**Excerpted data**
╔══
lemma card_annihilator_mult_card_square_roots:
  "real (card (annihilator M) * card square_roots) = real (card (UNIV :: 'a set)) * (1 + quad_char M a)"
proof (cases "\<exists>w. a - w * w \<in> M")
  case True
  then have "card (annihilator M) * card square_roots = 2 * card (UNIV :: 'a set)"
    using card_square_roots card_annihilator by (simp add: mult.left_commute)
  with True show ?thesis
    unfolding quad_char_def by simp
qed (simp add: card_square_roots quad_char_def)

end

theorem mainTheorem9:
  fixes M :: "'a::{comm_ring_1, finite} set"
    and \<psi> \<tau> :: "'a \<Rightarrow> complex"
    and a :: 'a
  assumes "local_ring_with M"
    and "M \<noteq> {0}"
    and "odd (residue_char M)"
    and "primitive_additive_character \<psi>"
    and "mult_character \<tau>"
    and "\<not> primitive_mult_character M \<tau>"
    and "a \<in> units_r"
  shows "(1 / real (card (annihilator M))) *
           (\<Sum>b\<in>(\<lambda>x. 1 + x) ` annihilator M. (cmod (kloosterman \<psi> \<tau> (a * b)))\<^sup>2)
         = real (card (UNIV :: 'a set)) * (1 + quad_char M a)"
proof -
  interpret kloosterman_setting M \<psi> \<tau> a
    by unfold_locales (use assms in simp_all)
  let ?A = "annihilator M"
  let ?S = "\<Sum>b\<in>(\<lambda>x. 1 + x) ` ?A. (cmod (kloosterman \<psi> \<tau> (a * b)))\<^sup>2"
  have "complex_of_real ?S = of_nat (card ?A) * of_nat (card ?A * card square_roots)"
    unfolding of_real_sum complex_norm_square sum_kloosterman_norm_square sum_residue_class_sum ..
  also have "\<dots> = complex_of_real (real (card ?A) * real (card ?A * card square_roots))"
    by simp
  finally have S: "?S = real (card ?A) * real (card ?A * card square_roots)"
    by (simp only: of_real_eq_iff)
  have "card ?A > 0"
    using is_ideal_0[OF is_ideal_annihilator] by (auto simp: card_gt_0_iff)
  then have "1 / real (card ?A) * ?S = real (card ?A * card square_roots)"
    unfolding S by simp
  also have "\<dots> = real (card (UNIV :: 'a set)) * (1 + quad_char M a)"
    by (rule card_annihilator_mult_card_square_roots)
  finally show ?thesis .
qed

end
╚══
╔══
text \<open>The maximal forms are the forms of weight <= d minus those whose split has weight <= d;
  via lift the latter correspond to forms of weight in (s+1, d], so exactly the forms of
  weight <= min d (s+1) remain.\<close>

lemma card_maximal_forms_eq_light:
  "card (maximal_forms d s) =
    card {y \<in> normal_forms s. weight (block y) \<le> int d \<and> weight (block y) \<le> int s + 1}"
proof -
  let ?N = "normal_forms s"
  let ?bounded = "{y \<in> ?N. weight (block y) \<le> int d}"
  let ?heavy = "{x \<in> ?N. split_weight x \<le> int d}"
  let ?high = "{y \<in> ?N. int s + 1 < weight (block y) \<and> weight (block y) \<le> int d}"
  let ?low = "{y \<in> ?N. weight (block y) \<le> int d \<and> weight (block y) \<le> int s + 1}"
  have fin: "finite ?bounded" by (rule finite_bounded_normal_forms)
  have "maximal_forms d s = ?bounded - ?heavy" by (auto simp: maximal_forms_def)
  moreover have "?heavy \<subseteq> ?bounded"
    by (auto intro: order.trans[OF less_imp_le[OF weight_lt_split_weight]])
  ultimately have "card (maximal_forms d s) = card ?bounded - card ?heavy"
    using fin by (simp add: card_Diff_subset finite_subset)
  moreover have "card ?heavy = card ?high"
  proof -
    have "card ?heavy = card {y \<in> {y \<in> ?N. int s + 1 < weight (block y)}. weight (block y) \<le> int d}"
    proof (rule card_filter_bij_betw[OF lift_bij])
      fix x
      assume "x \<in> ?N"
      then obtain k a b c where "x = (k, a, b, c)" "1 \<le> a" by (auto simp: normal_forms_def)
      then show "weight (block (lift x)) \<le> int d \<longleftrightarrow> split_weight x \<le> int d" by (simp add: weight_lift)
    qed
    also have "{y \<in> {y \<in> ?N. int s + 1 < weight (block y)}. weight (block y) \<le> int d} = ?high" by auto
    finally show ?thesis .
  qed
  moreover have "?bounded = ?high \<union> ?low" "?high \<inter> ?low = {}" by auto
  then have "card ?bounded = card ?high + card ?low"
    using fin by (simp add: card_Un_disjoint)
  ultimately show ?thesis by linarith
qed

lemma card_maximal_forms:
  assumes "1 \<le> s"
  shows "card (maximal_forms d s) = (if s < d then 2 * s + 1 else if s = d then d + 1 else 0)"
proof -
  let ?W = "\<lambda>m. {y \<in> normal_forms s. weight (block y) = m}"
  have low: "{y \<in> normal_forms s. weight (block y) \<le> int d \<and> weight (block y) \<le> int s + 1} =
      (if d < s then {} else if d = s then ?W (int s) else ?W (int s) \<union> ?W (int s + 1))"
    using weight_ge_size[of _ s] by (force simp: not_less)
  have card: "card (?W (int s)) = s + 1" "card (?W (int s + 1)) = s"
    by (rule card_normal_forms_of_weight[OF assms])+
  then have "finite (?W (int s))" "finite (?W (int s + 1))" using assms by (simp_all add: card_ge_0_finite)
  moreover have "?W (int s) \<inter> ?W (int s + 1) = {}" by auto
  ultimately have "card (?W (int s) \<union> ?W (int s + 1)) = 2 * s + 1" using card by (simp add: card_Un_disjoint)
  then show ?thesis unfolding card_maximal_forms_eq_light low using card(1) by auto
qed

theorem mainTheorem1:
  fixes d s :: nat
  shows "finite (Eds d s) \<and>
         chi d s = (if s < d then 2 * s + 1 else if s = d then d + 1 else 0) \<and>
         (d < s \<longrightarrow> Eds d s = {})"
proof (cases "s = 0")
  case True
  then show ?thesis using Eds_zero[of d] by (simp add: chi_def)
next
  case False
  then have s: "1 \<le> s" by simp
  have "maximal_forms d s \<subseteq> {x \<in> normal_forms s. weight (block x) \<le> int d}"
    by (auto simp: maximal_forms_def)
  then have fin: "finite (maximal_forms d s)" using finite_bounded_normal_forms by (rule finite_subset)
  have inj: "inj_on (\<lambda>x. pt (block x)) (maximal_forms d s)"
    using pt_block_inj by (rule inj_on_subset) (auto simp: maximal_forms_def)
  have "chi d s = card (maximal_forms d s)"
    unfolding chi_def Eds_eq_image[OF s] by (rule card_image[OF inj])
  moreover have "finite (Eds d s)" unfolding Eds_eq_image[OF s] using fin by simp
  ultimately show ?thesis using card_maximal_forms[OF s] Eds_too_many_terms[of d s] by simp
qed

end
╚══
**Exercise prompt**
Copy each line from the data above that includes "finally".

**Response to this exercise**
  finally have S: "?S = real (card ?A) * real (card ?A * card square_roots)"
  finally show ?thesis .
    finally show ?thesis .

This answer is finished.